[Saved data entries]
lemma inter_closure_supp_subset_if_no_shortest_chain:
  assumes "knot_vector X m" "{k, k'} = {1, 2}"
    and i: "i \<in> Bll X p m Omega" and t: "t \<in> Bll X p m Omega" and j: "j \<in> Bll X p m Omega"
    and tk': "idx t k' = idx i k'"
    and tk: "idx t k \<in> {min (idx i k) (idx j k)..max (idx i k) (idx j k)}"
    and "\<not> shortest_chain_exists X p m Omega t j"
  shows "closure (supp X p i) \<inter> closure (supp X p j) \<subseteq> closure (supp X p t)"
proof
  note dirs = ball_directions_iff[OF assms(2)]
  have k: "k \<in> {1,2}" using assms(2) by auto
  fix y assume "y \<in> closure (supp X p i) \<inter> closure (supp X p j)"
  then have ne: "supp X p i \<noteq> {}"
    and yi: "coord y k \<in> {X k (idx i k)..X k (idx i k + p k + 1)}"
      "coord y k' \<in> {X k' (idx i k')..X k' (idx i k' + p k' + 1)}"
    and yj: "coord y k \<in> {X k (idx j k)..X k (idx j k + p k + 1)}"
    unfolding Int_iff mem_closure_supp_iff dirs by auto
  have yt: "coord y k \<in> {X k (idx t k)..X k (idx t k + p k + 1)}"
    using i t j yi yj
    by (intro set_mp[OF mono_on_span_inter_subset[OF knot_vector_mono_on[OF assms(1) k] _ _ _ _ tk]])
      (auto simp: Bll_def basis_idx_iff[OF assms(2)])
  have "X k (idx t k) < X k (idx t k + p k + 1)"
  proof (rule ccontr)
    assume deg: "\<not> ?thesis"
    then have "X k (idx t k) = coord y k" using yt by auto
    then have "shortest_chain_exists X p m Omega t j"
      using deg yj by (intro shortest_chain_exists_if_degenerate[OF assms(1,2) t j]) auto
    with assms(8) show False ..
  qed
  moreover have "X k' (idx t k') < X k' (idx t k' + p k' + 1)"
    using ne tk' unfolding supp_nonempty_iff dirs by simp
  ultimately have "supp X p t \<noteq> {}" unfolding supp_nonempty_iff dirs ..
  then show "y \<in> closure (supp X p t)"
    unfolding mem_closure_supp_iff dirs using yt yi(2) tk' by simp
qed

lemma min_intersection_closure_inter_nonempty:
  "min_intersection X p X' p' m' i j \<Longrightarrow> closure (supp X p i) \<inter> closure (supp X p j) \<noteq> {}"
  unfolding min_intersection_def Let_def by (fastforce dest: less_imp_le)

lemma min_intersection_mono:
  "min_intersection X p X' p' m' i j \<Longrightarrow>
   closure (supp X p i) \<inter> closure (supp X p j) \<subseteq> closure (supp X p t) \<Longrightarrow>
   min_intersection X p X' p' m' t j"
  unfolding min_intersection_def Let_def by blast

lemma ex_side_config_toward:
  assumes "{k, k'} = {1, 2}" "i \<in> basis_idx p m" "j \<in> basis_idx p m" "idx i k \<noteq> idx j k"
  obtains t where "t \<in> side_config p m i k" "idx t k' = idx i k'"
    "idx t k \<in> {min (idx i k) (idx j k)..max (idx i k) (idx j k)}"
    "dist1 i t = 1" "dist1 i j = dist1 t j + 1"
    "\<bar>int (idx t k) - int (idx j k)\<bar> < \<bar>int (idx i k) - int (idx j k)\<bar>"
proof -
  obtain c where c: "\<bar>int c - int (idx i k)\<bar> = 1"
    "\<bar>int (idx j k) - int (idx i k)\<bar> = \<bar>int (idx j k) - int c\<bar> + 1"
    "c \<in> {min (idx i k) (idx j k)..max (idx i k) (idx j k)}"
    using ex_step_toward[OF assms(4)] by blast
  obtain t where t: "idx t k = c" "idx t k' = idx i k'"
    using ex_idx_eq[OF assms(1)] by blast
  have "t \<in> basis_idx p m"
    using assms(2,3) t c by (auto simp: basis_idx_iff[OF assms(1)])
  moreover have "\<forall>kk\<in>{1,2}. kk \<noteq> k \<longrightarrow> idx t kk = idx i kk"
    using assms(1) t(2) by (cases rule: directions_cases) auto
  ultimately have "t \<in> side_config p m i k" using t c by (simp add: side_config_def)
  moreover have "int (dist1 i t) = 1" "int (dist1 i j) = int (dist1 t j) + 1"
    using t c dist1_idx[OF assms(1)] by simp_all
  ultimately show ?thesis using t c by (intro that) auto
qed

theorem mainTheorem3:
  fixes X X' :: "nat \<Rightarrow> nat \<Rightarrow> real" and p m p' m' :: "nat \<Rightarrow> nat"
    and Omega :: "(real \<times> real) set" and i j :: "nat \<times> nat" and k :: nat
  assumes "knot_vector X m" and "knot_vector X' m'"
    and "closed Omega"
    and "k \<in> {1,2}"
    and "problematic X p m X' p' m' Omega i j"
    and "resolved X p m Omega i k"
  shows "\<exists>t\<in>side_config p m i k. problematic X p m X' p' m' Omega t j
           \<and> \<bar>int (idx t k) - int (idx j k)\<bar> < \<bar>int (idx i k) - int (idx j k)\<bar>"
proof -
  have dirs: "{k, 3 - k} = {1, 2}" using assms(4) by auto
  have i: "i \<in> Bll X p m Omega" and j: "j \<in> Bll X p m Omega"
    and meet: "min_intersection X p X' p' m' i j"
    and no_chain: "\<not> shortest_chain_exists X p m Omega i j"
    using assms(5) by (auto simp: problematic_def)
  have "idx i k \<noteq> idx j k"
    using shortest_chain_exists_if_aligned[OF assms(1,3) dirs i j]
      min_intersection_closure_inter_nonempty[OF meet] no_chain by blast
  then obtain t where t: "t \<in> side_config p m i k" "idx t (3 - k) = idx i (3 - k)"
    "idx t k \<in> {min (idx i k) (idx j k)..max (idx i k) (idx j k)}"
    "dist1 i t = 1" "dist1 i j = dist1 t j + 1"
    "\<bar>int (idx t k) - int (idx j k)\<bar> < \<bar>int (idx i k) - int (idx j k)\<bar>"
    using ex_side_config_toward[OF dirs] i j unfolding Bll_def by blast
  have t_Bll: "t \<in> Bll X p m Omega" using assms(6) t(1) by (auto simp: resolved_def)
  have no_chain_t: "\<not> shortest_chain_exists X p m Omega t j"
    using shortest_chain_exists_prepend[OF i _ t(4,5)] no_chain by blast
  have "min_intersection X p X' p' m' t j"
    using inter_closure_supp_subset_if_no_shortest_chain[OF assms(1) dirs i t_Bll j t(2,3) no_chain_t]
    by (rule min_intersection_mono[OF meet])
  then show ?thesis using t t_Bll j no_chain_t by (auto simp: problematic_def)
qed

Activity:
Working through the records, copy each line in which the word "subseteq" appears.

Task response:
  shows "closure (supp X p i) \<inter> closure (supp X p j) \<subseteq> closure (supp X p t)"
   closure (supp X p i) \<inter> closure (supp X p j) \<subseteq> closure (supp X p t) \<Longrightarrow>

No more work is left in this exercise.